DATA EXTRACTS
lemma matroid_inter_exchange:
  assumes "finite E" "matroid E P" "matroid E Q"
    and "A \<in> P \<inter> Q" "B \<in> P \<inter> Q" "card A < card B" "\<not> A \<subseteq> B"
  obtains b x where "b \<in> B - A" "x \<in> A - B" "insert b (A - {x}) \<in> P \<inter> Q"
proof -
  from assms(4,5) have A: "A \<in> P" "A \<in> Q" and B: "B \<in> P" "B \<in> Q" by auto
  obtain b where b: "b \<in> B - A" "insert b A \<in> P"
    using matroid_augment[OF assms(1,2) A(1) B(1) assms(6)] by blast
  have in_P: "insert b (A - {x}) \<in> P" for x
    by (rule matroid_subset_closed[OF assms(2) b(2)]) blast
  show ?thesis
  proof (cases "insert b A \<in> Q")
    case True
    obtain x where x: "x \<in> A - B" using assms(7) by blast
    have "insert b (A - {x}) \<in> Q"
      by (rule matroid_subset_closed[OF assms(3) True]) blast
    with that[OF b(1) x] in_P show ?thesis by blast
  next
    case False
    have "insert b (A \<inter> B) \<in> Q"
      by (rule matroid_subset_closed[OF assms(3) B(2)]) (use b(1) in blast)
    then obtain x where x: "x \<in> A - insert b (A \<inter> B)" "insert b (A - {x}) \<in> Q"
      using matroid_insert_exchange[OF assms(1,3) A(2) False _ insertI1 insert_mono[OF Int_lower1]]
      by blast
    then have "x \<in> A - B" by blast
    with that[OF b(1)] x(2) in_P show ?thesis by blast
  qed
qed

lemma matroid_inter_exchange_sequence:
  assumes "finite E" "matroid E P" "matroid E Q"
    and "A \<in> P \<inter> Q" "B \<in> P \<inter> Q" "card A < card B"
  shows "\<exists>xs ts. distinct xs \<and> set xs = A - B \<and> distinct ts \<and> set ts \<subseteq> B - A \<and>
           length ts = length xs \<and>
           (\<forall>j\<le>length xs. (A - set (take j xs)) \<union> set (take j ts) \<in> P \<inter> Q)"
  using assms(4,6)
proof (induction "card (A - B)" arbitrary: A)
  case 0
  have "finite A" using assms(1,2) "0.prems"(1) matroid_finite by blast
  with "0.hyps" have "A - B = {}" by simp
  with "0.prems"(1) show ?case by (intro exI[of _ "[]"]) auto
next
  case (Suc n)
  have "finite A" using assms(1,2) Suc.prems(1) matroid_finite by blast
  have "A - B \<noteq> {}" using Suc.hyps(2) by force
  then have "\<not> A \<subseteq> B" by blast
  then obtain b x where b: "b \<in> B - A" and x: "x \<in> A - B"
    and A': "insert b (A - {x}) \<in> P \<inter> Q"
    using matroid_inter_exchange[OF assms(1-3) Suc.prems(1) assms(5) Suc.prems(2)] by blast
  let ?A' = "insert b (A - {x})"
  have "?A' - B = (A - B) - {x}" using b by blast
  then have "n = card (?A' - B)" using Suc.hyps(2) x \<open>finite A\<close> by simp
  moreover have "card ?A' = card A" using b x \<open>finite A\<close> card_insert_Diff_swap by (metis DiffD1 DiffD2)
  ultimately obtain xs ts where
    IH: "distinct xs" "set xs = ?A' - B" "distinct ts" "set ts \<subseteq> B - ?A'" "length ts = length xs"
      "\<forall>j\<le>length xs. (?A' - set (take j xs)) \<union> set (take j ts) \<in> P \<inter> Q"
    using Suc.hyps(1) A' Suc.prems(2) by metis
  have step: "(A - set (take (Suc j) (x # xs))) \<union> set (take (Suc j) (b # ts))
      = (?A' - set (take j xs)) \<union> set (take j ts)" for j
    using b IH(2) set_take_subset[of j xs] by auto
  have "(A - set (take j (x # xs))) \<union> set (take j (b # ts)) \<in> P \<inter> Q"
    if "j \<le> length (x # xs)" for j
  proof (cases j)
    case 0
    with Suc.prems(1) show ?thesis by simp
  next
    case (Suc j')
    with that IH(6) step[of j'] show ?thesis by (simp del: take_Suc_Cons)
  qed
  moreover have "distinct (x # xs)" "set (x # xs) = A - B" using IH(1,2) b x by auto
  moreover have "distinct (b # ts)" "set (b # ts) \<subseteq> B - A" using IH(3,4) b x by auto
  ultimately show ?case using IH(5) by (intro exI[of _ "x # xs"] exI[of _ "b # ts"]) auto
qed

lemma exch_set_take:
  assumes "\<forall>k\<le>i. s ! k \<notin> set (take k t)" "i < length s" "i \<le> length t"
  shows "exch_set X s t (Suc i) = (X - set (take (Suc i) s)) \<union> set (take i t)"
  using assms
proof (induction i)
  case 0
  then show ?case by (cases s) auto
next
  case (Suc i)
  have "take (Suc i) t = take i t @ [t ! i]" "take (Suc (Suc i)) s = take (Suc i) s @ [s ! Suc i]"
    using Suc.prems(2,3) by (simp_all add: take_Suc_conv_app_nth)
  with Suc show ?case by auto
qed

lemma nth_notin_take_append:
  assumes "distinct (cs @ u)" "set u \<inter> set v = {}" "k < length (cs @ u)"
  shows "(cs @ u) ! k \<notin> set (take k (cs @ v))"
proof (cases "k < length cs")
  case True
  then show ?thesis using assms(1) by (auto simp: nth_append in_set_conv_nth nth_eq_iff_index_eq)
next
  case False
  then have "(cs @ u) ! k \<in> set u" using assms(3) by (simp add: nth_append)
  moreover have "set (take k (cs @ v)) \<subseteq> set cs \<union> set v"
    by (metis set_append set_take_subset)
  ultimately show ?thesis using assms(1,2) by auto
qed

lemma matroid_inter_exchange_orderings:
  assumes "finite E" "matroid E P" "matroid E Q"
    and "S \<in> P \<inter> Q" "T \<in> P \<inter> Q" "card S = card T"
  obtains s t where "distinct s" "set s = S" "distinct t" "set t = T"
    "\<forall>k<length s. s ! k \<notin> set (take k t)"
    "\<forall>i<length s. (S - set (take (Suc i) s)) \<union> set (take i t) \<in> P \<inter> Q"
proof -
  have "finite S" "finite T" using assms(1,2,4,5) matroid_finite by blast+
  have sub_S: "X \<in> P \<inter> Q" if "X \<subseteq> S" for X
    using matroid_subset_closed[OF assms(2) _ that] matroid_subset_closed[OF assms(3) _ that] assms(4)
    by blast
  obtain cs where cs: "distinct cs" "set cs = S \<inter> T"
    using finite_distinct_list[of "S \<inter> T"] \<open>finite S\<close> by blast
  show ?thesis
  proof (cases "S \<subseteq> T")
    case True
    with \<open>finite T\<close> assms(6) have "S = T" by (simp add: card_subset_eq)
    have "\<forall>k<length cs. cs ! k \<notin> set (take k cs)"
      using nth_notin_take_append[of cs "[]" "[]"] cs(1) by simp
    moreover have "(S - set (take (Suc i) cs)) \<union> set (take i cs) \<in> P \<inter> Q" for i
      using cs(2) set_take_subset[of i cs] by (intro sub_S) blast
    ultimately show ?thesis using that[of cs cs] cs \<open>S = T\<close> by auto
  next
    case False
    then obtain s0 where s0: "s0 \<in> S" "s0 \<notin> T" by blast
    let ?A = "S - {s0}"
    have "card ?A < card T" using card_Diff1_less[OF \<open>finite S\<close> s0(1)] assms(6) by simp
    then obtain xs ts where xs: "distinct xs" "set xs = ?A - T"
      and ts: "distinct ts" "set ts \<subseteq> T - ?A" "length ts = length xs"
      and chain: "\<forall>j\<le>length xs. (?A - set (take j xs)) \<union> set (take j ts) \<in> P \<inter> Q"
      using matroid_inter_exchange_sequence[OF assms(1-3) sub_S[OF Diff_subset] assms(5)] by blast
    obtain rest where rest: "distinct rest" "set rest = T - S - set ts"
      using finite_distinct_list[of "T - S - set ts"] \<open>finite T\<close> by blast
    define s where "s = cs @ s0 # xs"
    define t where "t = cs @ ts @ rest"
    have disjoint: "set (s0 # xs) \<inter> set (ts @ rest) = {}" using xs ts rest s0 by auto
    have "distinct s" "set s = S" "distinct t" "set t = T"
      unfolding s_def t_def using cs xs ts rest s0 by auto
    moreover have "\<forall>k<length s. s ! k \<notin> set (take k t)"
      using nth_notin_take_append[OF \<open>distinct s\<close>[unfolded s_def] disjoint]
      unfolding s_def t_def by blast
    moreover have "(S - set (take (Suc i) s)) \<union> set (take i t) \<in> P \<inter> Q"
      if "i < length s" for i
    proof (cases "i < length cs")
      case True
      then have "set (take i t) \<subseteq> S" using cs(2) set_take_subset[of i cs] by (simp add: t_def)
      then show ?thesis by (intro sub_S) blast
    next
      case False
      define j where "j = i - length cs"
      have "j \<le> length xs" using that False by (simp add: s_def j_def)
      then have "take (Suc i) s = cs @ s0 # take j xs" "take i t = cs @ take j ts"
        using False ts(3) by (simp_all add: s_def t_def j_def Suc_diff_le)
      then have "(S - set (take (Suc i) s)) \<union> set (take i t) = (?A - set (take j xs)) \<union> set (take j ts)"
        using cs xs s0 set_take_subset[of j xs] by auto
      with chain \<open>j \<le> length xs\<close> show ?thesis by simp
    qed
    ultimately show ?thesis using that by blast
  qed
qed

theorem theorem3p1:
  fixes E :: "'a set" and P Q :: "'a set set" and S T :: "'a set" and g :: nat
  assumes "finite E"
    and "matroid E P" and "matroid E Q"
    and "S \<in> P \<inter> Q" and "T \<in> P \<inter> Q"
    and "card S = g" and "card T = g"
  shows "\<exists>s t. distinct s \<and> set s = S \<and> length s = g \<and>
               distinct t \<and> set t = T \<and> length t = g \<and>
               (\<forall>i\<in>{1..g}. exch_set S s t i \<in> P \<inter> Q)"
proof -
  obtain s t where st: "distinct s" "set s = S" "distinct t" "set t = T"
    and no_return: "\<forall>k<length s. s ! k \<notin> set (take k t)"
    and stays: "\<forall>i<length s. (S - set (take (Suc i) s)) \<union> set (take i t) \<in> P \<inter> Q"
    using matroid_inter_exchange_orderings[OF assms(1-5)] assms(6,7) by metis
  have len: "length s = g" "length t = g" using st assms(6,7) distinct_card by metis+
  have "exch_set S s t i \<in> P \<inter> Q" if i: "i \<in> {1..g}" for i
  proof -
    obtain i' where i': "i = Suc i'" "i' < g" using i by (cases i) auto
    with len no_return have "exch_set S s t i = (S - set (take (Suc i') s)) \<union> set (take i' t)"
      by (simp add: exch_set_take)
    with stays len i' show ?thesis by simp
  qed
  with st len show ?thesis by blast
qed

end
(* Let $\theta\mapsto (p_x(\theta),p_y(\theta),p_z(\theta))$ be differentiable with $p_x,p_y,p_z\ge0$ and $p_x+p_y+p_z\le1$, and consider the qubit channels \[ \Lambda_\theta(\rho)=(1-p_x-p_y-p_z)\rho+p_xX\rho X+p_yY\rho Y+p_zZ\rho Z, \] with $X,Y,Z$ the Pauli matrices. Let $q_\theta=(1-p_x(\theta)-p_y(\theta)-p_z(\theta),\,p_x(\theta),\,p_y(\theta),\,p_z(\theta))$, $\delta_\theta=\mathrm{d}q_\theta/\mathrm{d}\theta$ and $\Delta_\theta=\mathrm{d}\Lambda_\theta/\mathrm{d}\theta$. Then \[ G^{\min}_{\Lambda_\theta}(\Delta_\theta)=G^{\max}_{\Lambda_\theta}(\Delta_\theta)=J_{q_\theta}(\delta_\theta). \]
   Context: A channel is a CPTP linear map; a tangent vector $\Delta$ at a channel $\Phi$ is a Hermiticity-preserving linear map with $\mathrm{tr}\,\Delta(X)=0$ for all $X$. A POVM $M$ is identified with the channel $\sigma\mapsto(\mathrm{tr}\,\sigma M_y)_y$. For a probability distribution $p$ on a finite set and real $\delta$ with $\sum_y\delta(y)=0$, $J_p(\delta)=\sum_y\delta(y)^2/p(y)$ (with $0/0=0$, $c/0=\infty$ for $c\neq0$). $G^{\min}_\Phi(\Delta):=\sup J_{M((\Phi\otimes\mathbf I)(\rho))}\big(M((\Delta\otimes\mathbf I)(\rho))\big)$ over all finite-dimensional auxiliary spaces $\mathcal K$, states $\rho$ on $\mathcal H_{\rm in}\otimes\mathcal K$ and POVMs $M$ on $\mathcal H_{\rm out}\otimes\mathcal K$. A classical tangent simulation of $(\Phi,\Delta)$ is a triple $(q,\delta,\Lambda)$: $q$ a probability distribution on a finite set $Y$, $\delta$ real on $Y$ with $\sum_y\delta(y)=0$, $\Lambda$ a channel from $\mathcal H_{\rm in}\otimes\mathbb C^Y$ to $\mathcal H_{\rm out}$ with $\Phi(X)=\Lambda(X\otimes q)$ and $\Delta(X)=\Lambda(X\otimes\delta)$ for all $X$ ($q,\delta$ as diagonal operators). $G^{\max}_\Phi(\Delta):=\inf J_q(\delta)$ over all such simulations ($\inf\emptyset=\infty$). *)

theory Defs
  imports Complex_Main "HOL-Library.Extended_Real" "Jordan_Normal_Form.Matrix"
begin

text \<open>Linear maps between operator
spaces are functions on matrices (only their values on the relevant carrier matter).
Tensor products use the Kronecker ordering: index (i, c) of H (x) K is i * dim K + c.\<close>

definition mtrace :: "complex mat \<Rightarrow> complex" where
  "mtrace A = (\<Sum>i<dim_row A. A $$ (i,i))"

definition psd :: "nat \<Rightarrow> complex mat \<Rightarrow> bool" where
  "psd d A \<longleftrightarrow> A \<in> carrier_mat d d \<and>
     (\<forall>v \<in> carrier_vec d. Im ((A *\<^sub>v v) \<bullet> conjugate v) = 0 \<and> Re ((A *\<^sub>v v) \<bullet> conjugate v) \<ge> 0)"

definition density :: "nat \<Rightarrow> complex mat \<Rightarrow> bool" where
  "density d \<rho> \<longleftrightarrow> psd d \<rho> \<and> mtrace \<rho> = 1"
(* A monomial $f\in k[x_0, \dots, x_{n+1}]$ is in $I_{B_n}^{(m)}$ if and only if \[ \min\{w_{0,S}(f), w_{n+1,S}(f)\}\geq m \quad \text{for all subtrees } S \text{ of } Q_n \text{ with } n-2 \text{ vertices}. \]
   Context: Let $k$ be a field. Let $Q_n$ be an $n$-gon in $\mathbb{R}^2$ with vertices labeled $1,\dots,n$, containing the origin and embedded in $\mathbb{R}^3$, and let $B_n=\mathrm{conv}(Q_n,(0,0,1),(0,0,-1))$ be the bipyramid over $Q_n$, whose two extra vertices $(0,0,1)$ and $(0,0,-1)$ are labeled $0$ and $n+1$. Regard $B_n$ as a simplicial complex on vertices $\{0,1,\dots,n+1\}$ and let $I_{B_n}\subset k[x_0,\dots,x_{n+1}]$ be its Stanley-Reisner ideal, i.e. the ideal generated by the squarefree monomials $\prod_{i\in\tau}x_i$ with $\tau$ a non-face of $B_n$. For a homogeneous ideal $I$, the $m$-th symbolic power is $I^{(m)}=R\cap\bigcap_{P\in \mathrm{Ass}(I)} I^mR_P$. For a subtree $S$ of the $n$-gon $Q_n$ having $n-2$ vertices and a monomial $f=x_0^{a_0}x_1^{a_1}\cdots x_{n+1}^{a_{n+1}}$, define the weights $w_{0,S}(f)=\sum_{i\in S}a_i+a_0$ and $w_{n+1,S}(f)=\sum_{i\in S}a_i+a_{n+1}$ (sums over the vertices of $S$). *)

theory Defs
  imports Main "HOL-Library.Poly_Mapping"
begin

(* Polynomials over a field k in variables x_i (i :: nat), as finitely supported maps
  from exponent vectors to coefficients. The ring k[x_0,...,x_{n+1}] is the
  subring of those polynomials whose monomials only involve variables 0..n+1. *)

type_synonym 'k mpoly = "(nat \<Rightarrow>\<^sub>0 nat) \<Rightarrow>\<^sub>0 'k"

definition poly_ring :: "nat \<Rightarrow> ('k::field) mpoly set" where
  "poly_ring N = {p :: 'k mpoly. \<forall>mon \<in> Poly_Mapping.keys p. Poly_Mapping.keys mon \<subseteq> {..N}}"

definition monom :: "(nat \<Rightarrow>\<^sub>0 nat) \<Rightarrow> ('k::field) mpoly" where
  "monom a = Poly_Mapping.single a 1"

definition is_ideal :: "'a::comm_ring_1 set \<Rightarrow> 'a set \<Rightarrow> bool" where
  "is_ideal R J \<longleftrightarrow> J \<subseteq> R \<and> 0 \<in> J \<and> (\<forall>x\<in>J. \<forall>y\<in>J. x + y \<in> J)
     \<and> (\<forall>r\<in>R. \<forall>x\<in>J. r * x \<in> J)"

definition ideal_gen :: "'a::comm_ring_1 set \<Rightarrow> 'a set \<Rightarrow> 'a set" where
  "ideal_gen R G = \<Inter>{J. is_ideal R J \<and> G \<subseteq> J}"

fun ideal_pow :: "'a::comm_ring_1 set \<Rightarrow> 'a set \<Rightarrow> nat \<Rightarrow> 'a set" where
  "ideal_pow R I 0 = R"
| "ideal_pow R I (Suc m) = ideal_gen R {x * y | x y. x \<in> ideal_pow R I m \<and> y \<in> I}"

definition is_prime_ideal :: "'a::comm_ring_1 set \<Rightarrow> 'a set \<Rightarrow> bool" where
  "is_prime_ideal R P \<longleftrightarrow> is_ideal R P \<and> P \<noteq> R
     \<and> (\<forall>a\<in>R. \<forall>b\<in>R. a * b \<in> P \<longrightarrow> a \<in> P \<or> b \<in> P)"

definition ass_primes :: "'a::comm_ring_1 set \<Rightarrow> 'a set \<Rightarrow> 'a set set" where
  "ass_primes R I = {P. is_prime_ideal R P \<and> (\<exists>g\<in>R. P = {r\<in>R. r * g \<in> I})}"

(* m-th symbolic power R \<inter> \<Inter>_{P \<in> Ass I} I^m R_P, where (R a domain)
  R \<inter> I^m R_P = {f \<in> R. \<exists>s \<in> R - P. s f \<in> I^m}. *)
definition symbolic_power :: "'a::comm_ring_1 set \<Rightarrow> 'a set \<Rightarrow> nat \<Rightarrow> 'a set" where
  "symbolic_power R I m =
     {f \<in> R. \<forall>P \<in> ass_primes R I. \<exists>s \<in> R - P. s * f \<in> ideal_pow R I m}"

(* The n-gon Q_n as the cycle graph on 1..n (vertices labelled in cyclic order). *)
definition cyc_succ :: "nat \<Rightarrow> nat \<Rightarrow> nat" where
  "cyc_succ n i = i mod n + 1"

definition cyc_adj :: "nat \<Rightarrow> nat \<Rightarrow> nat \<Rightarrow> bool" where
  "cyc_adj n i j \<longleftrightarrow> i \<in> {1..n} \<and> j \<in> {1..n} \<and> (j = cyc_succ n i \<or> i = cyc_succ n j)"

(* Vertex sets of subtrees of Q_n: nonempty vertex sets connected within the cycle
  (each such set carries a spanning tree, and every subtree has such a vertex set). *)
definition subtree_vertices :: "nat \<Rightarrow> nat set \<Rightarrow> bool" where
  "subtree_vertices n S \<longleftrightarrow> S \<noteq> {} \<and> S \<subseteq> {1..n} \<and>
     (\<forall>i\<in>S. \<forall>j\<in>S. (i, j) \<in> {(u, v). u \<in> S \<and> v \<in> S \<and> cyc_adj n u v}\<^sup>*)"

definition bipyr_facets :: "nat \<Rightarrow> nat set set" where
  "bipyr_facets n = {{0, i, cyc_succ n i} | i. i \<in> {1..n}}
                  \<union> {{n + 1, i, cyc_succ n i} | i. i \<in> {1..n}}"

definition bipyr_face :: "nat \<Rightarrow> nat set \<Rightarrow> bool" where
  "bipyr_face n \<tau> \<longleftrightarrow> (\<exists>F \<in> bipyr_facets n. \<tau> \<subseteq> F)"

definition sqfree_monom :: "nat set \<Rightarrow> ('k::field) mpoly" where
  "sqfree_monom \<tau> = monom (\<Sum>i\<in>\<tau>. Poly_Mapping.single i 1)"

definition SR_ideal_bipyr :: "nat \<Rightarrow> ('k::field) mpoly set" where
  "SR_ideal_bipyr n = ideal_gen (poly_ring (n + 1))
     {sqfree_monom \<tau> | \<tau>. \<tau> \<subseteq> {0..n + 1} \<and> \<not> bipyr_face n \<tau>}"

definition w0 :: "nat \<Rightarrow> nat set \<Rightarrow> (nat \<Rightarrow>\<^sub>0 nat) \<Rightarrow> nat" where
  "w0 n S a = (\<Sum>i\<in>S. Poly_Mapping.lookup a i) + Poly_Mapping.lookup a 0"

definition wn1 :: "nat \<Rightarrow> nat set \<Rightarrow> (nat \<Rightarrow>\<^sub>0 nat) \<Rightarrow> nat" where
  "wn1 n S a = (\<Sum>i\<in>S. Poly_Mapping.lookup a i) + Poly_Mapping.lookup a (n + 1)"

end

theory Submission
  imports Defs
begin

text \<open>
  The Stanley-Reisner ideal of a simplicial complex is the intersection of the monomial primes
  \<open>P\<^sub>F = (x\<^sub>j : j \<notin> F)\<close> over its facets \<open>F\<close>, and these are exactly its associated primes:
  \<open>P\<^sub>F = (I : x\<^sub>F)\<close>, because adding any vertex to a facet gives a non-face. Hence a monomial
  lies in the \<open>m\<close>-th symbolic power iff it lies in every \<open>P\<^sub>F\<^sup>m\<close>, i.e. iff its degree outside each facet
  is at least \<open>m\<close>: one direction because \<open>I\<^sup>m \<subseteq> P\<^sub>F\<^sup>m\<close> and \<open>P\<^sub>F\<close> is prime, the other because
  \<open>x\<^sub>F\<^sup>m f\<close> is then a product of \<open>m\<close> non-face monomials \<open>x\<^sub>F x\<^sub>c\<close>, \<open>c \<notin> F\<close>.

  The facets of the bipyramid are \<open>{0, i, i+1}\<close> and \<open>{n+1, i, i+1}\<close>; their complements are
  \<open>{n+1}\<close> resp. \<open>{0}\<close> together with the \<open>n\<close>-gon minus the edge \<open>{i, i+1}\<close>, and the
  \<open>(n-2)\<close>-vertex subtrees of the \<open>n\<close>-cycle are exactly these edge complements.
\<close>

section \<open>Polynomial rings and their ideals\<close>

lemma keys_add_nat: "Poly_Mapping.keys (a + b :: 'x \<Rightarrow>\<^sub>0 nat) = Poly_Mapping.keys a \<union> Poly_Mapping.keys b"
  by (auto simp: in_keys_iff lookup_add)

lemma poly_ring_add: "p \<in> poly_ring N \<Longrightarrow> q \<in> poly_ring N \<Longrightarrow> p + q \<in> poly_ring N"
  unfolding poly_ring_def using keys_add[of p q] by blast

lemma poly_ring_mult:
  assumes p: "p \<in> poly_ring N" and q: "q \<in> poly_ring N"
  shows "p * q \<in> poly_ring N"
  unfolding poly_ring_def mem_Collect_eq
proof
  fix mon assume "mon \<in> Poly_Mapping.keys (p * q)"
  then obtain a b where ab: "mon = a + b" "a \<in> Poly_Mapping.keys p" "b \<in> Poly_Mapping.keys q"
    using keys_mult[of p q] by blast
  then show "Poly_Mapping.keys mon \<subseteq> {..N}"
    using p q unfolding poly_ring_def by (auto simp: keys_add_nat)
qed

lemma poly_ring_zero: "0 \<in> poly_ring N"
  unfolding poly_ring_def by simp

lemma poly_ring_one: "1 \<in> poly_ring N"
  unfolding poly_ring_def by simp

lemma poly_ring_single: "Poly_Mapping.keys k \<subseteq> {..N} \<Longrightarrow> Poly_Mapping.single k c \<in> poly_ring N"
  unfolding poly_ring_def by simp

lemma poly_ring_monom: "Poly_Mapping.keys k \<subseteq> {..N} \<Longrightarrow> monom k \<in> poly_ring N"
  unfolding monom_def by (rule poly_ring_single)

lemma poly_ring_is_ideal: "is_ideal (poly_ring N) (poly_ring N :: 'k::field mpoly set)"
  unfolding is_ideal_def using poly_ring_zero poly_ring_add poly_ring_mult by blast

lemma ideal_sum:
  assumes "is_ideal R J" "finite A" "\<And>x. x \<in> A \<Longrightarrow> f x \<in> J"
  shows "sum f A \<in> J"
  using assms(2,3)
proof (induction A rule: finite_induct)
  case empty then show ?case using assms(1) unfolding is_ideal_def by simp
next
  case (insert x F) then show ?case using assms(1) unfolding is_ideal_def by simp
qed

WHAT TO PRODUCE
Above are records; repeat only the lines starting at the line with "(simp add: t_def)" and ending at the line with "add: s_def j_def)", exactly as they appear, both included.

PROBLEM SOLUTION
      then have "set (take i t) \<subseteq> S" using cs(2) set_take_subset[of i cs] by (simp add: t_def)
      then show ?thesis by (intro sub_S) blast
    next
      case False
      define j where "j = i - length cs"
      have "j \<le> length xs" using that False by (simp add: s_def j_def)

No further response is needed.